Figure out how many lines in these records contain "shows". Only the number belongs in the reply.

━━━━━━━━━━

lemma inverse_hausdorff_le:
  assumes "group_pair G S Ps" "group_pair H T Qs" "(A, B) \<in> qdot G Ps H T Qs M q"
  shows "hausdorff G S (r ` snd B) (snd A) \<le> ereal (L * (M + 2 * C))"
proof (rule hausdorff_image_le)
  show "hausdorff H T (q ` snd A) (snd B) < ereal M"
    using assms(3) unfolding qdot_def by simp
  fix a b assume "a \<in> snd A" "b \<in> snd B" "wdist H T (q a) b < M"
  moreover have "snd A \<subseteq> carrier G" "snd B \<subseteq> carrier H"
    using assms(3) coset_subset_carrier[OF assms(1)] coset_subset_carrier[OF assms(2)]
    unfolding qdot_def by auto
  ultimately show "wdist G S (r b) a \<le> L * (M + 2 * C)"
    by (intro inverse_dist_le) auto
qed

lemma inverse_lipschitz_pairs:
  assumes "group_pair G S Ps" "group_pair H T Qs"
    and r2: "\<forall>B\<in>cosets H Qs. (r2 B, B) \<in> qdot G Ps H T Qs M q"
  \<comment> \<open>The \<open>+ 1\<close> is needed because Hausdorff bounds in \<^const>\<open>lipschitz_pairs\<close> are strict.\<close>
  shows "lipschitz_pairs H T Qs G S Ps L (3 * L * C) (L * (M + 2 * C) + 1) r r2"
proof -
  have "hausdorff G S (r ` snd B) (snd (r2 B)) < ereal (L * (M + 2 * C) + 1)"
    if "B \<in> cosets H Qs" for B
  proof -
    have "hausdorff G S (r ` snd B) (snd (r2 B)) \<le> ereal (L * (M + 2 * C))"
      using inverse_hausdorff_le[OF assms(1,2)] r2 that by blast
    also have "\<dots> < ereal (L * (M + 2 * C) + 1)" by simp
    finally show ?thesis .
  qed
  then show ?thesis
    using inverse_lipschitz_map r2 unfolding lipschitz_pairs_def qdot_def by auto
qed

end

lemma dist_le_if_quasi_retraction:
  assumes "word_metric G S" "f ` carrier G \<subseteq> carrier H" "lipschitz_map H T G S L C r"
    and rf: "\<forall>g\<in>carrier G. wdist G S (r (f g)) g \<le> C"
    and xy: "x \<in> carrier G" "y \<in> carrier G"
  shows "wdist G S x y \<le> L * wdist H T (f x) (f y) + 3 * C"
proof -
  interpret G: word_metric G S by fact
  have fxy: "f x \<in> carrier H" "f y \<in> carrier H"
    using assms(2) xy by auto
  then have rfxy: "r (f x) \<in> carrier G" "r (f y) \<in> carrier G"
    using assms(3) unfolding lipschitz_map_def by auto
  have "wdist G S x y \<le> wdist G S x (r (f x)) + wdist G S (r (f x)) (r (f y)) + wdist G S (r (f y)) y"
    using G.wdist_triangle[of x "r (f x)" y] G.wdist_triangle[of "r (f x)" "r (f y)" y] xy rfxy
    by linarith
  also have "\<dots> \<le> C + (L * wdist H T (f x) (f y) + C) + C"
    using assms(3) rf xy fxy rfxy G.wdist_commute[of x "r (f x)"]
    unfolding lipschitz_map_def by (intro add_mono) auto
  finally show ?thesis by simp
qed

━━━━━━━━━━

__Answer section__:
3